Greece: Court convicts 21 people for attack on migrants in 2018
Source: InfoMigrants: reliable and verified news for migrants – InfoMigrants
A Greek court has issued convictions for 21 people accused of having taken part in an attack on migrants on the island of Lesbos in 2018.
A court in Mytilini, the capital of the Greek island of Lesbos, has issued convictions for 21 people, accused of having taken part in an attack against migrants camping in the town’s Sappho square in 2018.
At the time the attack sparked clashes that lasted through the night.
Two of the defendants, reported the Greek newspaper Ekathimerini in English, were handed sentences of six years of imprisonment for multiple offenses, including “threats and dangerous bodily harm with racist motives.” Another two defendants received five-year and nine months prison sentences for “dangerous bodily harm, also with racist motives.”
These sentences, however, have been suspended for three years and are “convertible to a fine of five euros per day,” reported Ekathimerini.
A further 16 defendants were found guilty of “disrupting the peace” and received a year of imprisonment each.
The last person convicted was handed a nine-month prison sentence for the same crime. The length of time to be spent in prison was reduced because of his youth at the time the crime was committed.
This represents the “first time that a court in Lesbos’ capital Mytilini has formally recognized racist motives in a crime,” reports Ekathimerini.

Appeals?
According to information on the website Fair Trials International, the time frames for appeals in Greece tend to be tight, in general within the first ten days after a judgment is issued, if you were present at the trial, and around 30 days if you weren’t present, or don’t live in Greece.
The appeal case, if granted, will be heard around a year later. Often courts will either issue a low sentence in terms of the time to be served in prison, which is not appealable, or they will offer longer prison terms that are possible to appeal, and could be converted into a fine, for every day you should have served in prison, states information on Fair Trials International.
If requested by the defendants, the case could now go to a court of second instance, which is a court of appeal, and from there to a court of cassation, or final appeal.

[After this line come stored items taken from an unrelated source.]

lemma nn_integral_row_avg_exp_le:
  assumes "0 < d" "0 \<le> l" "2 * l * r < 1" "\<forall>i<d. row_sqnorm_U n u i \<le> r"
  shows "(\<integral>\<^sup>+w. ennreal ((1 / d) * (\<Sum>i<d. exp (d * l * (\<Sum>k<n. matU u i k * matV w j k)\<^sup>2)))
            \<partial>PiM ({True} \<times> {j} \<times> {..<n}) (\<lambda>_. normal_measure (1 / sqrt d)))
       \<le> ennreal (1 / sqrt (1 - 2 * l * r))"
proof -
  define P where "P = PiM ({True} \<times> {j} \<times> {..<n}) (\<lambda>_. normal_measure (1 / sqrt d))"
  have row_integral: "(\<integral>\<^sup>+w. ennreal (exp (d * l * (\<Sum>k<n. matU u i k * matV w j k)\<^sup>2)) \<partial>P)
      \<le> ennreal (1 / sqrt (1 - 2 * l * r))" if "i < d" for i
  proof -
    have "2 * l * row_sqnorm_U n u i \<le> 2 * l * r"
      using assms(2,4) that by (simp add: mult_left_mono)
    then show ?thesis
      unfolding P_def using assms(1-3)
      by (subst nn_integral_exp_square_row_product) (auto intro!: ennreal_leI divide_left_mono)
  qed
  have "(\<integral>\<^sup>+w. ennreal ((1 / d) * (\<Sum>i<d. exp (d * l * (\<Sum>k<n. matU u i k * matV w j k)\<^sup>2))) \<partial>P)
      = (\<integral>\<^sup>+w. ennreal (1 / d) * (\<Sum>i<d. ennreal (exp (d * l * (\<Sum>k<n. matU u i k * matV w j k)\<^sup>2))) \<partial>P)"
    by (intro nn_integral_cong, subst ennreal_mult) (auto intro: sum_nonneg)
  also have "\<dots> = ennreal (1 / d) * (\<Sum>i<d. \<integral>\<^sup>+w. ennreal (exp (d * l * (\<Sum>k<n. matU u i k * matV w j k)\<^sup>2)) \<partial>P)"
    unfolding P_def matU_def matV_def by (simp add: nn_integral_cmult nn_integral_sum del: sum_ennreal)
  also have "\<dots> \<le> ennreal (1 / d) * (\<Sum>i<d. ennreal (1 / sqrt (1 - 2 * l * r)))"
    by (intro mult_left_mono sum_mono row_integral) auto
  also have "\<dots> = ennreal (1 / sqrt (1 - 2 * l * r))"
  proof -
    have "ennreal (1 / d) * ennreal d = 1"
      using assms(1) by (simp flip: ennreal_mult)
    then show ?thesis by (simp add: ennreal_of_nat_eq_real_of_nat mult.assoc[symmetric])
  qed
  finally show ?thesis unfolding P_def .
qed

lemma nn_integral_V_frob_exp_majorant_le:
  assumes "0 < d" "0 \<le> l" "2 * l * r < 1" "\<forall>i<d. row_sqnorm_U n u i \<le> r"
  shows "(\<integral>\<^sup>+v. ennreal (\<Prod>j<d. (1 / d) * (\<Sum>i<d. exp (d * l * (\<Sum>k<n. matU u i k * matV v j k)\<^sup>2)))
            \<partial>PiM ({True} \<times> {..<d} \<times> {..<n}) (\<lambda>_. normal_measure (1 / sqrt d)))
       \<le> ennreal ((1 / sqrt (1 - 2 * l * r)) ^ d)"
proof -
  define B where "B j = {True} \<times> {j} \<times> {..<n}" for j :: nat
  define h where "h j w = ennreal ((1 / d) * (\<Sum>i<d. exp (d * l * (\<Sum>k<n. matU u i k * matV w j k)\<^sup>2)))"
    for j w
  have V: "{True} \<times> {..<d} \<times> {..<n} = (\<Union>j<d. B j)" by (auto simp: B_def)
  have "(\<integral>\<^sup>+v. ennreal (\<Prod>j<d. (1 / d) * (\<Sum>i<d. exp (d * l * (\<Sum>k<n. matU u i k * matV v j k)\<^sup>2)))
            \<partial>PiM ({True} \<times> {..<d} \<times> {..<n}) (\<lambda>_. normal_measure (1 / sqrt d)))
      = (\<integral>\<^sup>+v. (\<Prod>j<d. h j (restrict v (B j))) \<partial>PiM (\<Union>j<d. B j) (\<lambda>_. normal_measure (1 / sqrt d)))"
    unfolding V h_def
    by (intro nn_integral_cong) (simp add: prod_ennreal sum_nonneg matV_def B_def)
  also have "\<dots> = (\<Prod>j<d. integral\<^sup>N (PiM (B j) (\<lambda>_. normal_measure (1 / sqrt d))) (h j))"
    using assms(1)
    by (intro nn_integral_PiM_prod_blocks product_sigma_finite_normal_measure)
       (auto simp: B_def h_def disjoint_family_on_def matU_def matV_def)
  also have "\<dots> \<le> (\<Prod>j<d. ennreal (1 / sqrt (1 - 2 * l * r)))"
    unfolding B_def h_def using assms by (intro prod_mono_ennreal nn_integral_row_avg_exp_le)
  also have "\<dots> = ennreal ((1 / sqrt (1 - 2 * l * r)) ^ d)"
    using assms(3) by (simp add: ennreal_power)
  finally show ?thesis .
qed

At each stage, the judgments could be overturned.

Moria camp in 2018
The attack for which the defendants were convicted is reported to have taken place in the early hours of April 23, 2018. Migrants had been camping in the middle of the town of Mytilini as an act of protest at the conditions at the time in the migrant camp Moria.
A group of around 200 people turned up at the camp to attack it, injuring several migrants in the process. The police then transferred the migrants back to the Moria camp.

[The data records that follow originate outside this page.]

lemma vertigo_coeff_top_ge:
  assumes t: "2 \<le> t" and i: "i \<le> n"
  shows "sqrt t ^ (2 * n) / 2 ^ n \<le> vertigo_coeff t i i (n - i)"
proof -
  have t0: "0 < t" using t by simp
  have "vertigo_coeff t i i (n - i)
      = (t - 1) ^ (n - i) / fact (n - i) * sqrt t ^ (2 * i) * (sqrt (fact n / fact i) * sqrt (fact n / fact i))"
    unfolding vertigo_coeff_pos[OF t0] using i by (simp only: mult_2 le_add_diff_inverse mult.assoc)
  also have "\<dots> = (t - 1) ^ (n - i) * sqrt t ^ (2 * i) * real (n choose i)"
    using i by (simp add: binomial_fact)
  finally have V: "vertigo_coeff t i i (n - i) = (t - 1) ^ (n - i) * sqrt t ^ (2 * i) * real (n choose i)" .
  have "sqrt t ^ (2 * n) / 2 ^ n \<le> sqrt t ^ (2 * n) / 2 ^ (n - i)"
    by (intro divide_left_mono power_increasing) auto
  also have "\<dots> = (t / 2) ^ (n - i) * sqrt t ^ (2 * i)"
  proof -
    have "t ^ (n - i) = sqrt t ^ (2 * (n - i))" using t0 by (simp add: power_mult)
    moreover have "2 * (n - i) + 2 * i = 2 * n" using i by simp
    ultimately show ?thesis by (simp add: power_divide field_simps flip: power_add)
  qed
  also have "\<dots> \<le> (t - 1) ^ (n - i) * sqrt t ^ (2 * i)"
    using t by (intro mult_right_mono power_mono) auto
  also have "\<dots> \<le> (t - 1) ^ (n - i) * sqrt t ^ (2 * i) * real (n choose i)"
    using t i by (simp add: Suc_leI zero_less_binomial)
  finally show ?thesis unfolding V .
qed

lemma vertigo_diag_ge:
  assumes t: "2 \<le> t" and A: "supp_le n A" and i: "i \<le> n" and Ann: "0 \<le> Re (A n n)"
  shows "sqrt t ^ (2 * n) / 2 ^ n * Re (A n n) - real (n + 1) * (fact n * entry_norm_sum n A * (sqrt t ^ (2 * n) / sqrt t))
       \<le> Re (vertigo t A i i)"
proof -
  define T where "T s = of_real (vertigo_coeff t i i s) * A (i + s) (i + s)" for s
  define K where "K = fact n * entry_norm_sum n A * (sqrt t ^ (2 * n) / sqrt t)"
  have t1: "1 \<le> t" using t by simp
  have ni: "n - i \<in> {..n}" by simp
  have "cmod (\<Sum>s\<in>{..n} - {n - i}. T s) \<le> (\<Sum>s\<in>{..n} - {n - i}. cmod (T s))" by (rule norm_sum)
  also have "\<dots> \<le> (\<Sum>s\<in>{..n} - {n - i}. K)"
    unfolding T_def K_def by (intro sum_mono norm_vertigo_term_le[OF t1 A]) auto
  also have "\<dots> \<le> real (n + 1) * K"
  proof -
    have "0 \<le> K" using t entry_norm_sum_nonneg[of n A] by (simp add: K_def)
    then show ?thesis by (simp add: card_Diff_singleton mult_right_mono)
  qed
  finally have rest: "- (real (n + 1) * K) \<le> Re (\<Sum>s\<in>{..n} - {n - i}. T s)"
    using abs_Re_le_cmod[of "\<Sum>s\<in>{..n} - {n - i}. T s"] by linarith
  have "sqrt t ^ (2 * n) / 2 ^ n * Re (A n n) \<le> vertigo_coeff t i i (n - i) * Re (A n n)"
    by (intro mult_right_mono vertigo_coeff_top_ge[OF t i] Ann)
  also have "\<dots> = Re (T (n - i))"
    unfolding T_def using i by simp
  finally have top: "sqrt t ^ (2 * n) / 2 ^ n * Re (A n n) \<le> Re (T (n - i))" .
  have "vertigo t A i i = T (n - i) + (\<Sum>s\<in>{..n} - {n - i}. T s)"
    unfolding vertigo_eq_sum[OF A] T_def by (rule sum.remove[OF finite_atMost ni])
  then show ?thesis using top rest unfolding K_def by simp
qed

In 2018, organizations like Doctors without Borders (MSF), told the Deutsche Welle (DW) that the Moria camp held an estimated 9,000 migrants, instead of the planned 3,000 capacity.
Conditions were so bad in the camp, a spokesperson for MSF said, that around a quarter of children present in the camp had told MSF operatives that they regularly thought about suicide. DW also reported in 2018 that a group of IS operatives had begun to terrorize some within the camp.

Moria was described at the time as the “worst migrant camp in Europe.” A video from DW stated that the only thing that appeared to function properly in the camp at the time was “criminality, drugs, prostitution and violence.”
The camp continued to grow until a huge fire destroyed much of it in 2020, leaving around 13,000 people homeless.